* YOUR ASSIGNMENT:
Upon reaching the line containing "(\<Sum>i\<in>Xplus \<phi> m", output that line and all remaining lines exactly, through the end of the entries, and output nothing before it.

*** Opening RECORDED DATA ***

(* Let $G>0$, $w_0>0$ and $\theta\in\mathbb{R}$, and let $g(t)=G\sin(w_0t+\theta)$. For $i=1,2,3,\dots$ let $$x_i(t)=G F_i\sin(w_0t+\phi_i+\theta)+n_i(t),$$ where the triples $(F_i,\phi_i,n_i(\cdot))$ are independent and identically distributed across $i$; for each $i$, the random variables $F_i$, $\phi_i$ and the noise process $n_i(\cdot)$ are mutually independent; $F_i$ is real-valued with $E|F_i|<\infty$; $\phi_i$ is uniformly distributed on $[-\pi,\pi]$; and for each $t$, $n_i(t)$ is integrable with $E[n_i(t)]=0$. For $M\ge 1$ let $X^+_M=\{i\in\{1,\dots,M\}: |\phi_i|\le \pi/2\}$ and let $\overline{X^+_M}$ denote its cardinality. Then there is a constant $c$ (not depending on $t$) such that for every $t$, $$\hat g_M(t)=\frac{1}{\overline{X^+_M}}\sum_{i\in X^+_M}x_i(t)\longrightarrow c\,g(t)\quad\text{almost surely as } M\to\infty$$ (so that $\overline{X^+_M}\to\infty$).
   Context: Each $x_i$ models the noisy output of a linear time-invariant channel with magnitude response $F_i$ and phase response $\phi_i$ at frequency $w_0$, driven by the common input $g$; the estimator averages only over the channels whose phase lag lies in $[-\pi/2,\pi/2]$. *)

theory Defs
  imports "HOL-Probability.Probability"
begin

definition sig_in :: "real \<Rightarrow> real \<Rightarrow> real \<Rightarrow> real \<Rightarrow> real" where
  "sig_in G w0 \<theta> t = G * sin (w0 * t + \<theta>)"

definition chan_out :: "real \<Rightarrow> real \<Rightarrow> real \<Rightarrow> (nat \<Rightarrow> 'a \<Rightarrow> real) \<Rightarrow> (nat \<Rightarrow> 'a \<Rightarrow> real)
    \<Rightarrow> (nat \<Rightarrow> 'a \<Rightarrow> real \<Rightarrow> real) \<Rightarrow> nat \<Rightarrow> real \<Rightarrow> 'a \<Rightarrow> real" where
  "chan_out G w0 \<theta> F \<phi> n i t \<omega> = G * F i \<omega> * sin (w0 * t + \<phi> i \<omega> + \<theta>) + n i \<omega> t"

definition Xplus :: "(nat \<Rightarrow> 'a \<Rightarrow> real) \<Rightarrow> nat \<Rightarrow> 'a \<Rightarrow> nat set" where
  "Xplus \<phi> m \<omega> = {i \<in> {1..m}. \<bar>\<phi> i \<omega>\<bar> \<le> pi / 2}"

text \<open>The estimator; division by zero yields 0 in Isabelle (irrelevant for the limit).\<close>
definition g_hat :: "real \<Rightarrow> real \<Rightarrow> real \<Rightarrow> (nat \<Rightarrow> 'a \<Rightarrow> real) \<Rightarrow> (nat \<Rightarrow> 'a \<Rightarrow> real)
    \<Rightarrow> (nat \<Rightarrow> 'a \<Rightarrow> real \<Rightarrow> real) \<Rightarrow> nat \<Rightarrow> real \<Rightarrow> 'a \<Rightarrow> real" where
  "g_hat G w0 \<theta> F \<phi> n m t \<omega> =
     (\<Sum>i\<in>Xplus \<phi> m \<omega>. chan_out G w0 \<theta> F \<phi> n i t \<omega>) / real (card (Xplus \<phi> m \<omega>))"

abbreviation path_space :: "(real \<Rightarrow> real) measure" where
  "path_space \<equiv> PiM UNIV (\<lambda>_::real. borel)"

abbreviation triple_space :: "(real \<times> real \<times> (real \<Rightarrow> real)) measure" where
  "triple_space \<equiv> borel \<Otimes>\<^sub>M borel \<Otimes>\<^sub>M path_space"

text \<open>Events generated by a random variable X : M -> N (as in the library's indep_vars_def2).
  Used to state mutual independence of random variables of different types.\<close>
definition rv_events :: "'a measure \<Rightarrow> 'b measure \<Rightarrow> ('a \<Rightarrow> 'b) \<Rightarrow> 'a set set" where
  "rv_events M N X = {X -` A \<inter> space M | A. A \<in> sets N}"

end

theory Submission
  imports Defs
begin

*** Closing RECORDED DATA ***

* TASK RESULT:
     (\<Sum>i\<in>Xplus \<phi> m \<omega>. chan_out G w0 \<theta> F \<phi> n i t \<omega>) / real (card (Xplus \<phi> m \<omega>))"

abbreviation path_space :: "(real \<Rightarrow> real) measure" where
  "path_space \<equiv> PiM UNIV (\<lambda>_::real. borel)"

abbreviation triple_space :: "(real \<times> real \<times> (real \<Rightarrow> real)) measure" where
  "triple_space \<equiv> borel \<Otimes>\<^sub>M borel \<Otimes>\<^sub>M path_space"

text \<open>Events generated by a random variable X : M -> N (as in the library's indep_vars_def2).
  Used to state mutual independence of random variables of different types.\<close>
definition rv_events :: "'a measure \<Rightarrow> 'b measure \<Rightarrow> ('a \<Rightarrow> 'b) \<Rightarrow> 'a set set" where
  "rv_events M N X = {X -` A \<inter> space M | A. A \<in> sets N}"

end

theory Submission
  imports Defs
begin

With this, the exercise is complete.